**Task statement**
The answer must be an exact copy of the lines from the one holding "set) set). card" through the final line of the entries, and nothing else.

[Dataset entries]
= = =
lemma card_visits_le:
  "card {i. i < length cs \<and> pos (cs ! i) = p \<and> st (cs ! i) = q \<and> {r. regs (cs ! i) r = None} = D}
     \<le> 2 ^ CARD('r)"
proof -
  have "coherent UNIV {i. i < length cs \<and> pos (cs ! i) = p \<and> st (cs ! i) = q \<and> {r. regs (cs ! i) r = None} = D}"
    unfolding coherent_def similar_def by auto
  then show ?thesis by (rule coherent_card_le)
qed

end

theorem mainTheorem18:
  fixes T :: "('q::finite, 'r::finite) sut"
  assumes "wf_sut T"
  shows "\<exists>k::nat. k \<ge> 1 \<and>
           (\<forall>w cs p. set w \<subseteq> {a. inP (sigma T) a} \<longrightarrow> accepting_run T w cs \<longrightarrow>
              length (filter (\<lambda>c. pos c = p) cs) \<le> k)"
proof (intro exI conjI allI impI)
  show "1 \<le> CARD('q) * 2 ^ CARD('r) * 2 ^ CARD('r)"
    by (simp add: Suc_le_eq card_gt_0_iff)
next
  fix w cs p
  assume "accepting_run T w cs"
  then have run_step: "\<And>i. Suc i < length cs \<Longrightarrow> step T w (cs ! i) = Cont (cs ! Suc i)"
    and run_nonempty: "cs \<noteq> []" and run_halts: "\<And>d. step T w (last cs) \<noteq> Cont d"
    by (auto simp: accepting_run_def)
  define visits where "visits = (\<lambda>(q, D). {i. i < length cs \<and> pos (cs ! i) = p
                                   \<and> st (cs ! i) = q \<and> {r. regs (cs ! i) r = None} = D})"
  have "length (filter (\<lambda>c. pos c = p) cs) = card (\<Union>k. visits k)"
    by (auto simp: length_filter_conv_card visits_def intro: arg_cong[where f = card])
  also have "\<dots> \<le> (\<Sum>k\<in>(UNIV :: ('q \<times> 'r set) set). card (visits k))"
    by (rule card_UN_le) simp
  also have "\<dots> \<le> (\<Sum>k\<in>(UNIV :: ('q \<times> 'r set) set). 2 ^ CARD('r))"
    by (rule sum_mono)
       (auto simp: visits_def intro: card_visits_le[OF run_step run_nonempty run_halts])
  also have "\<dots> = CARD('q) * 2 ^ CARD('r) * 2 ^ CARD('r)"
    by (simp add: card_UNIV_set)
  finally show "length (filter (\<lambda>c. pos c = p) cs) \<le> CARD('q) * 2 ^ CARD('r) * 2 ^ CARD('r)" .
qed

end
= = =
**Task output**
  also have "\<dots> \<le> (\<Sum>k\<in>(UNIV :: ('q \<times> 'r set) set). card (visits k))"
    by (rule card_UN_le) simp
  also have "\<dots> \<le> (\<Sum>k\<in>(UNIV :: ('q \<times> 'r set) set). 2 ^ CARD('r))"
    by (rule sum_mono)
       (auto simp: visits_def intro: card_visits_le[OF run_step run_nonempty run_halts])
  also have "\<dots> = CARD('q) * 2 ^ CARD('r) * 2 ^ CARD('r)"
    by (simp add: card_UNIV_set)
  finally show "length (filter (\<lambda>c. pos c = p) cs) \<le> CARD('q) * 2 ^ CARD('r) * 2 ^ CARD('r)" .
qed

end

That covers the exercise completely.